(* Let $e,m_->0$. There exist constants $0<C_1\le C_1'$ and $0<C_2\le C_2'$, depending only on $e,m_-$ (in particular independent of $k,\xi$), such that for every $k\in\mathbb{Z}\setminus\{0\}$, $\xi\in\mathbb{R}$ and every solution $B(t)=(B_1(t),B_2(t))^\top\in\mathbb{C}^2$ of $\frac{d}{dt}B=L_-(t)B$ on $[0,\infty)$, the functional $$\mathcal{E}_-(t)=\sqrt{\tfrac{p_2}{m_2}}|B_1|^2+2\frac{h_2}{\sqrt{m_2p_2}}\Re(B_1\bar B_2)+\sqrt{\tfrac{m_2}{p_2}}|B_2|^2$$ satisfies, for all $t\ge0$, $$C_1\mathcal{E}_-(0)\le\mathcal{E}_-(t)\le C_1'\mathcal{E}_-(0),\qquad C_2|B(0)|\le|B(t)|\le C_2'|B(0)|.$$
   Context: For fixed $k\in\mathbb{Z}\setminus\{0\}$, $\xi\in\mathbb{R}$ let $\alpha(t)=k^2+(\xi-kt)^2$, so $\partial_t\alpha=-2k(\xi-kt)$. Define $h_2(t)=\frac14\alpha^{-1}\partial_t\alpha$, $m_2(t)=\frac{1}{\sqrt{m_-}}\alpha^{1/2}$, $p_2(t)=\frac{4\pi e^2}{\sqrt{m_-}\alpha^{1/2}}+\frac{2k^2\sqrt{m_-}}{\alpha^{3/2}}+\frac{1}{\sqrt{m_-}}\alpha^{1/2}$, and $$L_-(t)=\begin{pmatrix}-h_2(t) & -m_2(t)\\ p_2(t) & h_2(t)\end{pmatrix}.$$ (This is the Fourier-side symmetrized form, in the sheared coordinates $X=x-yt$, $Y=y$, of the linearized electron Euler–Poisson system around the Couette flow.) *)

theory Defs
  imports "HOL-Analysis.Analysis"
begin

definition alpha :: "int \<Rightarrow> real \<Rightarrow> real \<Rightarrow> real" where
  "alpha k \<xi> t = (real_of_int k)\<^sup>2 + (\<xi> - real_of_int k * t)\<^sup>2"

definition dalpha :: "int \<Rightarrow> real \<Rightarrow> real \<Rightarrow> real" where
  "dalpha k \<xi> t = - 2 * real_of_int k * (\<xi> - real_of_int k * t)"

definition h2 :: "int \<Rightarrow> real \<Rightarrow> real \<Rightarrow> real" where
  "h2 k \<xi> t = (1/4) * dalpha k \<xi> t / alpha k \<xi> t"

definition m2 :: "real \<Rightarrow> int \<Rightarrow> real \<Rightarrow> real \<Rightarrow> real" where
  "m2 mm k \<xi> t = sqrt (alpha k \<xi> t) / sqrt mm"

definition p2 :: "real \<Rightarrow> real \<Rightarrow> int \<Rightarrow> real \<Rightarrow> real \<Rightarrow> real" where
  "p2 e mm k \<xi> t =
     4 * pi * e\<^sup>2 / (sqrt mm * sqrt (alpha k \<xi> t))
     + 2 * (real_of_int k)\<^sup>2 * sqrt mm / (alpha k \<xi> t powr (3/2))
     + sqrt (alpha k \<xi> t) / sqrt mm"

text \<open>(B1,B2) solves dB/dt = L_-(t) B on [0,infinity).\<close>
definition is_sol :: "real \<Rightarrow> real \<Rightarrow> int \<Rightarrow> real \<Rightarrow> (real \<Rightarrow> complex) \<Rightarrow> (real \<Rightarrow> complex) \<Rightarrow> bool" where
  "is_sol e mm k \<xi> B1 B2 \<longleftrightarrow>
     (\<forall>t\<ge>0.
        (B1 has_vector_derivative
            (- complex_of_real (h2 k \<xi> t) * B1 t - complex_of_real (m2 mm k \<xi> t) * B2 t))
          (at t within {0..}) \<and>
        (B2 has_vector_derivative
            (complex_of_real (p2 e mm k \<xi> t) * B1 t + complex_of_real (h2 k \<xi> t) * B2 t))
          (at t within {0..}))"

definition energy :: "real \<Rightarrow> real \<Rightarrow> int \<Rightarrow> real \<Rightarrow> (real \<Rightarrow> complex) \<Rightarrow> (real \<Rightarrow> complex) \<Rightarrow> real \<Rightarrow> real" where
  "energy e mm k \<xi> B1 B2 t =
     sqrt (p2 e mm k \<xi> t / m2 mm k \<xi> t) * (cmod (B1 t))\<^sup>2
     + 2 * h2 k \<xi> t / sqrt (m2 mm k \<xi> t * p2 e mm k \<xi> t) * Re (B1 t * cnj (B2 t))
     + sqrt (m2 mm k \<xi> t / p2 e mm k \<xi> t) * (cmod (B2 t))\<^sup>2"

definition Bnorm :: "(real \<Rightarrow> complex) \<Rightarrow> (real \<Rightarrow> complex) \<Rightarrow> real \<Rightarrow> real" where
  "Bnorm B1 B2 t = sqrt ((cmod (B1 t))\<^sup>2 + (cmod (B2 t))\<^sup>2)"

end

theory Submission
  imports Defs
begin

(*
  The energy is the quadratic form  a |B1|^2 + 2 b Re (B1 conj B2) + |B2|^2 / a  with weight
  a = sqrt (p2 / m2), which lies between 1 and a constant, and coupling b = h2 / sqrt (m2 p2),
  which satisfies |b| <= 1/2; so it is comparable to |B|^2.  Because L_- is in symmetrized form
  (p2 = m2 a^2 and b = h2 / (m2 a)), the contributions of the equation cancel in dE/dt, which
  therefore only involves a' and b'.  Both are O(k^2 / alpha), and k^2 / alpha is the derivative
  of arctan (t - xi / k), whose total variation is at most pi.  A two-sided Gronwall argument
  then bounds E(t) / E(0) between exp (-2 C pi) and exp (2 C pi), with C depending only on
  e and m_-.
*)

section \<open>Quadratic forms\<close>

definition qform :: "real \<Rightarrow> real \<Rightarrow> complex \<Rightarrow> complex \<Rightarrow> real" where
  "qform a b z w = a * (cmod z)\<^sup>2 + 2 * b * Re (z * cnj w) + (cmod w)\<^sup>2 / a"

lemma qform_components:
  "qform a b z w = a * ((Re z)\<^sup>2 + (Im z)\<^sup>2) + 2 * b * (Re z * Re w + Im z * Im w)
     + ((Re w)\<^sup>2 + (Im w)\<^sup>2) / a"
  by (simp add: qform_def cmod_power2)

lemma two_abs_Re_mult_cnj_le:
  assumes "a > 0"
  shows "2 * \<bar>Re (z * cnj w)\<bar> \<le> a * (cmod z)\<^sup>2 + (cmod w)\<^sup>2 / a"
proof -
  have "\<bar>Re (z * cnj w)\<bar> \<le> cmod z * cmod w"
    using abs_Re_le_cmod[of "z * cnj w"] by (simp add: norm_mult)
  moreover have "a * (cmod z)\<^sup>2 + (cmod w)\<^sup>2 / a - 2 * cmod z * cmod w = (a * cmod z - cmod w)\<^sup>2 / a"
    using assms by (simp add: field_simps power2_eq_square)
  moreover have "(a * cmod z - cmod w)\<^sup>2 / a \<ge> 0"
    using assms by simp
  ultimately show ?thesis
    by linarith
qed

lemma qform_bounds:
  assumes "a > 0" and "\<bar>b\<bar> \<le> 1/2"
  shows "(a * (cmod z)\<^sup>2 + (cmod w)\<^sup>2 / a) / 2 \<le> qform a b z w"
    and "qform a b z w \<le> 3 * (a * (cmod z)\<^sup>2 + (cmod w)\<^sup>2 / a) / 2"
proof -
  define S r where "S = a * (cmod z)\<^sup>2 + (cmod w)\<^sup>2 / a" and "r = Re (z * cnj w)"
  have "\<bar>2 * b * r\<bar> = \<bar>b\<bar> * (2 * \<bar>r\<bar>)"
    by (simp add: abs_mult)
  also have "\<dots> \<le> 1/2 * S"
    using assms two_abs_Re_mult_cnj_le[OF assms(1)] unfolding S_def r_def by (intro mult_mono) auto
  finally have "\<bar>2 * b * r\<bar> \<le> S / 2"
    by simp
  then have "S / 2 \<le> S + 2 * b * r" and "S + 2 * b * r \<le> 3 * S / 2"
    by (simp_all add: abs_le_iff)
  moreover have "qform a b z w = S + 2 * b * r"
    unfolding qform_def S_def r_def by simp
  ultimately show "S / 2 \<le> qform a b z w" and "qform a b z w \<le> 3 * S / 2"
    by simp_all
qed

◇ ◇ ◇ ◇ ◇ ◇ ◇

Exercise instructions -> The range runs from the line above containing "t = (real_of_int" to the line containing "(B1 has_vector_derivative", inclusive. Restate those lines word for word and no others.

Finished task ->
  "alpha k \<xi> t = (real_of_int k)\<^sup>2 + (\<xi> - real_of_int k * t)\<^sup>2"

definition dalpha :: "int \<Rightarrow> real \<Rightarrow> real \<Rightarrow> real" where
  "dalpha k \<xi> t = - 2 * real_of_int k * (\<xi> - real_of_int k * t)"

definition h2 :: "int \<Rightarrow> real \<Rightarrow> real \<Rightarrow> real" where
  "h2 k \<xi> t = (1/4) * dalpha k \<xi> t / alpha k \<xi> t"

definition m2 :: "real \<Rightarrow> int \<Rightarrow> real \<Rightarrow> real \<Rightarrow> real" where
  "m2 mm k \<xi> t = sqrt (alpha k \<xi> t) / sqrt mm"

definition p2 :: "real \<Rightarrow> real \<Rightarrow> int \<Rightarrow> real \<Rightarrow> real \<Rightarrow> real" where
  "p2 e mm k \<xi> t =
     4 * pi * e\<^sup>2 / (sqrt mm * sqrt (alpha k \<xi> t))
     + 2 * (real_of_int k)\<^sup>2 * sqrt mm / (alpha k \<xi> t powr (3/2))
     + sqrt (alpha k \<xi> t) / sqrt mm"

text \<open>(B1,B2) solves dB/dt = L_-(t) B on [0,infinity).\<close>
definition is_sol :: "real \<Rightarrow> real \<Rightarrow> int \<Rightarrow> real \<Rightarrow> (real \<Rightarrow> complex) \<Rightarrow> (real \<Rightarrow> complex) \<Rightarrow> bool" where
  "is_sol e mm k \<xi> B1 B2 \<longleftrightarrow>
     (\<forall>t\<ge>0.
        (B1 has_vector_derivative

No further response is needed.